L’art. 19 de la loi sur le droit d’auteur (LDA) règle l’utilisation d’œuvres protégées à des fins privées, en ce sens que toute utilisation à des fins personnelles ou dans un cercle de personnes étroitement liées n’est pas soumise à redevance. Jusqu’à présent, l’utilisation en interne de la radio et de la télévision par les collaborateurs et les propriétaires d’entreprise n’est pas encore concernée par cette exonération. Ainsi, toutes les entreprises doivent payer à SUISA la redevance selon le tarif commun (TC) 3a, même si l’acte de faire voir ou entendre des œuvres audiovisuelles ne concerne pas du tout des clients et des personnes tierces étrangères à l’entreprise, mais que, par exemple, seuls un propriétaire d’entreprise ou des employés écoutent la radio, même uniquement dans un véhicule de service. Cette situation est choquante, car la limite de l’utilisation à des fins privées disparaît en frappant les PME, qui reçoivent des factures de SUISA indiquant que le simple fait que des véhicules de service soient équipés d’autoradios est déjà soumis à la redevance selon le TC 3a, et que sinon, le démontage professionnel des autoradios par du personnel autorisé doit être documenté et attesté par des photos et des justificatifs de fonctionnement pour chaque véhicule de service, ce qui est manifestement impossible dans les véhicules modernes. Le Conseil fédéral lui-même avait déjà constaté dans son rapport (p. 11 ss, notamment chap. 2.3.5) en réponse au postulat 19.3956 de la Commission des affaires juridiques du Conseil national qu’il n’y avait pas en l’occurrence utilisation relevant du droit d’auteur. Le champ d’application de l’utilisation à des fins privées doit être assoupli, afin que de telles tracasseries au détriment des PME ne soient plus autorisées.

Antrag des Bundesrates

Rejet

Stellungnahme des Bundesrates

Le droit d’auteur est protégé par le droit constitutionnel de la garantie de la propriété. Sa restriction requiert donc un intérêt public.
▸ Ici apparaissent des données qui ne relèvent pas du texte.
lemma fP_bounds:
  assumes "0 < r" "r \<noteq> 1"
  shows "ennreal (normalized_poisson_kernel r (- 1)) \<le> fP M r \<theta>"
    and "fP M r \<theta> \<le> ennreal (normalized_poisson_kernel r 1)"
proof -
  have lower: "normalized_poisson_kernel r (- 1) \<le> normalized_poisson_kernel r (circle_cos \<theta> z)"
    and upper: "normalized_poisson_kernel r (circle_cos \<theta> z) \<le> normalized_poisson_kernel r 1"
    if "z \<in> space M" for z
    using that circle_cos_bounds[of z \<theta>] assms
    by (auto simp: space_eq intro!: normalized_poisson_kernel_mono)
  have "(\<integral>\<^sup>+ z. ennreal (normalized_poisson_kernel r (- 1)) \<partial>M) \<le> fP M r \<theta>"
    unfolding fP_eq_nn_integral[OF assms] by (intro nn_integral_mono ennreal_leI lower)
  then show "ennreal (normalized_poisson_kernel r (- 1)) \<le> fP M r \<theta>"
    by (simp add: emeasure_space_1)
  have "fP M r \<theta> \<le> (\<integral>\<^sup>+ z. ennreal (normalized_poisson_kernel r 1) \<partial>M)"
    unfolding fP_eq_nn_integral[OF assms] by (intro nn_integral_mono ennreal_leI upper)
  then show "fP M r \<theta> \<le> ennreal (normalized_poisson_kernel r 1)"
    by (simp add: emeasure_space_1)
qed

lemma fP_pos:
  assumes "0 < r" "r \<noteq> 1" shows "0 < fP M r \<theta>"
proof -
  have "0 < ennreal (normalized_poisson_kernel r (- 1))"
    using normalized_poisson_kernel_pos[OF assms, of "- 1"] by simp
  then show ?thesis using fP_bounds(1)[OF assms, of \<theta>] by order
qed

lemma fP_finite:
  assumes "0 < r" "r \<noteq> 1" shows "fP M r \<theta> \<noteq> \<infinity>"
  using neq_top_trans[OF ennreal_neq_top fP_bounds(2)[OF assms]] by simp

lemma fP_strict_mono:
  assumes "0 < r" "r < s" "s < 1"
  shows "fP M r \<theta> < fP M s \<theta>"
proof -
  have r: "0 < r" "r \<noteq> 1" and s: "0 < s" "s \<noteq> 1" using assms by auto
  have less: "normalized_poisson_kernel r (circle_cos \<theta> z) < normalized_poisson_kernel s (circle_cos \<theta> z)"
    if "z \<in> space M" for z
    using that circle_cos_bounds[of z \<theta>] assms
    by (intro normalized_poisson_kernel_strict_mono) (auto simp: space_eq)
  have "\<not> (AE z in M. ennreal (normalized_poisson_kernel s (circle_cos \<theta> z))
                      \<le> ennreal (normalized_poisson_kernel r (circle_cos \<theta> z)))"
  proof
    assume "AE z in M. ennreal (normalized_poisson_kernel s (circle_cos \<theta> z))
                      \<le> ennreal (normalized_poisson_kernel r (circle_cos \<theta> z))"
    with AE_space have "AE z in M. False"
    proof eventually_elim
      case (elim z)
      have "0 < normalized_poisson_kernel s (circle_cos \<theta> z)"
        using less[OF elim(1)] normalized_poisson_kernel_pos[OF r, of "circle_cos \<theta> z"]
          circle_cos_bounds(2)[of z \<theta>] elim(1) by (simp add: space_eq)
      then have "ennreal (normalized_poisson_kernel r (circle_cos \<theta> z))
                 < ennreal (normalized_poisson_kernel s (circle_cos \<theta> z))"
        by (intro ennreal_lessI less elim(1))
      with elim(2) show False by simp
    qed
    then show False by simp
  qed
  moreover have "AE z in M. ennreal (normalized_poisson_kernel r (circle_cos \<theta> z))
                            \<le> ennreal (normalized_poisson_kernel s (circle_cos \<theta> z))"
    using less by (intro AE_I2 ennreal_leI less_imp_le)
  ultimately show ?thesis
    using fP_finite[OF r, of \<theta>] unfolding fP_eq_nn_integral[OF r] fP_eq_nn_integral[OF s]
    by (intro nn_integral_less) (auto intro!: measurable_circle_cos)
qed

lemma fP_le_fP_1:
  assumes "0 < r" shows "fP M r \<theta> \<le> fP M 1 \<theta>"
proof (cases "r = 1")
  case False
  then have "(\<integral>\<^sup>+ z. ennreal (normalized_poisson_kernel r (circle_cos \<theta> z)) \<partial>M)
      \<le> (\<integral>\<^sup>+ z. poisson_dens 1 \<theta> z \<partial>M)"
    using assms by (intro nn_integral_mono normalized_poisson_kernel_le_poisson_dens_1) (simp_all add: space_eq)
  then show ?thesis
    unfolding fP_eq_nn_integral[OF assms False] by (simp add: fP_def)
qed simp

lemma fP_inverse:
  assumes "0 < r" shows "fP M (1 / r) \<theta> = fP M r \<theta>"
  using assms
  by (cases "r = 1") (simp_all add: fP_eq_nn_integral normalized_poisson_kernel_inverse)

lemma TP_strict_antimono:
  assumes "0 < r" "r < s" "s < 1"
  shows "TP M s \<theta> < TP M r \<theta>"
  unfolding TP_def using assms
  by (intro enn2real_inverse_strict_antimono fP_pos fP_strict_mono) auto

lemma TP_inverse:
  assumes "0 < r" shows "TP M (1 / r) \<theta> = TP M r \<theta>"
  using fP_inverse[OF assms] by (simp add: TP_def)

lemma TP_1_le:
  assumes "0 < r" shows "TP M 1 \<theta> \<le> TP M r \<theta>"
proof (cases "r = 1")
  case False
  then show ?thesis
    unfolding TP_def using assms
    by (intro enn2real_inverse_antimono fP_pos fP_finite fP_le_fP_1) auto
qed simp

lemma TP_ge:
  assumes "0 < r" "r \<noteq> 1"
  shows "1 / normalized_poisson_kernel r 1 \<le> TP M r \<theta>"
proof -
  have "enn2real (inverse (ennreal (normalized_poisson_kernel r 1))) \<le> TP M r \<theta>"
    unfolding TP_def using assms by (intro enn2real_inverse_antimono fP_pos fP_finite fP_bounds(2))
  then show ?thesis
    using normalized_poisson_kernel_pos[OF assms, of 1] by (simp add: inverse_ennreal inverse_eq_divide)
qed

lemma TP_at_right_0: "filterlim (\<lambda>r. TP M r \<theta>) at_top (at_right 0)"
proof (rule filterlim_at_top_mono)
  show "filterlim (\<lambda>r. 1 / normalized_poisson_kernel r 1) at_top (at_right 0)"
    unfolding normalized_poisson_kernel_def by real_asymp
  show "\<forall>\<^sub>F r in at_right 0. 1 / normalized_poisson_kernel r 1 \<le> TP M r \<theta>"
    using eventually_at_right_real[OF zero_less_one] by eventually_elim (simp add: TP_ge)
qed

lemma TP_at_top: "filterlim (\<lambda>r. TP M r \<theta>) at_top at_top"
proof -
  have "filterlim (\<lambda>r. TP M (inverse r) \<theta>) at_top at_top"
    by (rule filterlim_compose[OF TP_at_right_0 filterlim_inverse_at_right_top])
  moreover have "\<forall>\<^sub>F r in at_top. TP M (inverse r) \<theta> = TP M r \<theta>"
    using eventually_gt_at_top[of "0::real"]
    by eventually_elim (metis TP_inverse inverse_eq_divide)
  ultimately show ?thesis by (simp add: filterlim_cong)
qed

end

theorem lemma4p3:
  fixes M :: "complex measure" and \<theta> :: real
  assumes "circle_borel_prob M"
  shows "(\<forall>r s. 0 < r \<and> r < s \<and> s < 1 \<longrightarrow> TP M s \<theta> < TP M r \<theta>)
       \<and> (\<forall>r s. 1 < r \<and> r < s \<longrightarrow> TP M r \<theta> < TP M s \<theta>)
       \<and> (\<forall>r>0. TP M 1 \<theta> \<le> TP M r \<theta>)
       \<and> filterlim (\<lambda>r. TP M r \<theta>) at_top (at_right 0)
       \<and> filterlim (\<lambda>r. TP M r \<theta>) at_top at_top
       \<and> (\<forall>r>0. TP M r \<theta> = TP M (1 / r) \<theta>)"
proof -
  interpret circle_prob_space M by standard fact
  have "TP M r \<theta> < TP M s \<theta>" if "1 < r" "r < s" for r s
    using TP_strict_antimono[of "1 / s" "1 / r" \<theta>] that by (simp add: TP_inverse divide_strict_left_mono)
  then show ?thesis
    using TP_strict_antimono TP_1_le TP_at_right_0 TP_at_top TP_inverse by auto
qed
lemma OmegaAG'_uminus_invariant_eq:
  fixes i :: "'k::field" and Ob :: "'k set"
  assumes odd_q: "odd q" and periodic: "\<forall>x::'k. \<exists>N>0. x ^ (q ^ N) = x"
    and "(2::'k) \<noteq> 0" and "i * i = -1"
    and "Ob \<in> OmegaAG' q e" and "uminus ` Ob = Ob"
  shows "Ob = {i, -i}"
proof -
  obtain x y where x: "x \<in> ktri" "Ob = orbAG q e x" and y: "y \<in> Ob" "Ob = orbG q e y"
    using assms(5) unfolding OmegaAG'_def OmegaAG_def by blast
  have "y \<in> ktri"
    using x y orbAG_subset_ktri[OF odd_q periodic] by blast
  moreover have "- y \<in> Ob"
    using y(1) assms(6) by (metis image_eqI)
  moreover have "inverse y \<in> Ob"
    using orbAG.inv[of y q e x] x(2) y(1) by simp
  ultimately have "y * y = -1"
    using square_eq_minus_one_if_uminus_inverse_mem_orbG[OF odd_q periodic assms(3)] y(2) by simp
  have "Ob \<subseteq> {i, -i}"
  proof
    fix z assume "z \<in> Ob"
    then have "z \<in> orbAG q e y"
      using y(2) orbG_subset_orbAG by blast
    then have "z * z = i * i"
      using square_eq_minus_one_if_mem_orbAG[OF odd_q periodic] \<open>y * y = -1\<close> assms(4) by simp
    then show "z \<in> {i, -i}"
      by (simp add: square_eq_iff)
  qed
  moreover have "{i, -i} \<subseteq> Ob"
  proof -
    have "y = i \<or> y = - i"
      using \<open>Ob \<subseteq> {i, -i}\<close> y(1) by blast
    then show ?thesis
      using y(1) \<open>- y \<in> Ob\<close> by (elim disjE) simp_all
  qed
  ultimately show ?thesis
    by (rule subset_antisym)
qed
Ainsi, par exemple, la reproduction d'exemplaires d’œuvres dans les entreprises à des fins d’information interne et de documentation est autorisée au nom de la liberté d'information, mais donne lieu au versement d’une rémunération. Il n'existe pas un intérêt public analogue justifiant une exonération totale pour l’utilisation d’enregistrements audio ou vidéo au sein des entreprises.La motion porte sur la pratique de la SUISA, laquelle réclame aux entreprises une redevance pour la musique de fond ou d’ambiance dès lors que leurs employés ont la possibilité d’écouter des émissions ou de la musique à l’aide d’autoradios installés dans les véhicules de service. Le Conseil fédéral a déjà pris position sur cet état de fait et la pratique de la SUISA dans son rapport du 13 janvier 2021 en réponse au postulat 19.3956 (https://www.newsd.admin.ch/newsd/message/attachments/64898.pdf). Il doute qu’en vertu du droit suisse, on soit en présence d’une utilisation relevant du droit d’auteur attribuable à l’entreprise lorsque celle-ci fournit des véhicules de service équipés d’autoradios. Il relève cependant aussi que seul un tribunal pourrait trancher la question de manière définitive.La position du Conseil fédéral demeure inchangée. Par nature, les normes juridiques ne peuvent pas régler chaque cas particulier. En cas de divergences de vues juridiques, il appartient aux tribunaux de clarifier la situation. Le principe de l’État de droit commande que les cas particuliers soient soumis à l’appréciation d’un juge et non réglés par le Parlement dans la loi pour éviter que ce dernier ne soit surchargé et n'arrête des lois inutilement détaillées et donc plus difficiles à lire.L’élargissement proposé du champ d’application de l'art. 19 de la loi sur le droit d’auteur (LDA; RS 231.1) irait en outre trop loin. Il permettrait par exemple d’exonérer l’utilisation de musique lors de fêtes d’entreprise réunissant jusqu’à 250 personnes. Cette exonération serait disproportionnée et en porte-à-faux avec les prescriptions internationales.

Le Conseil fédéral propose de rejeter la motion.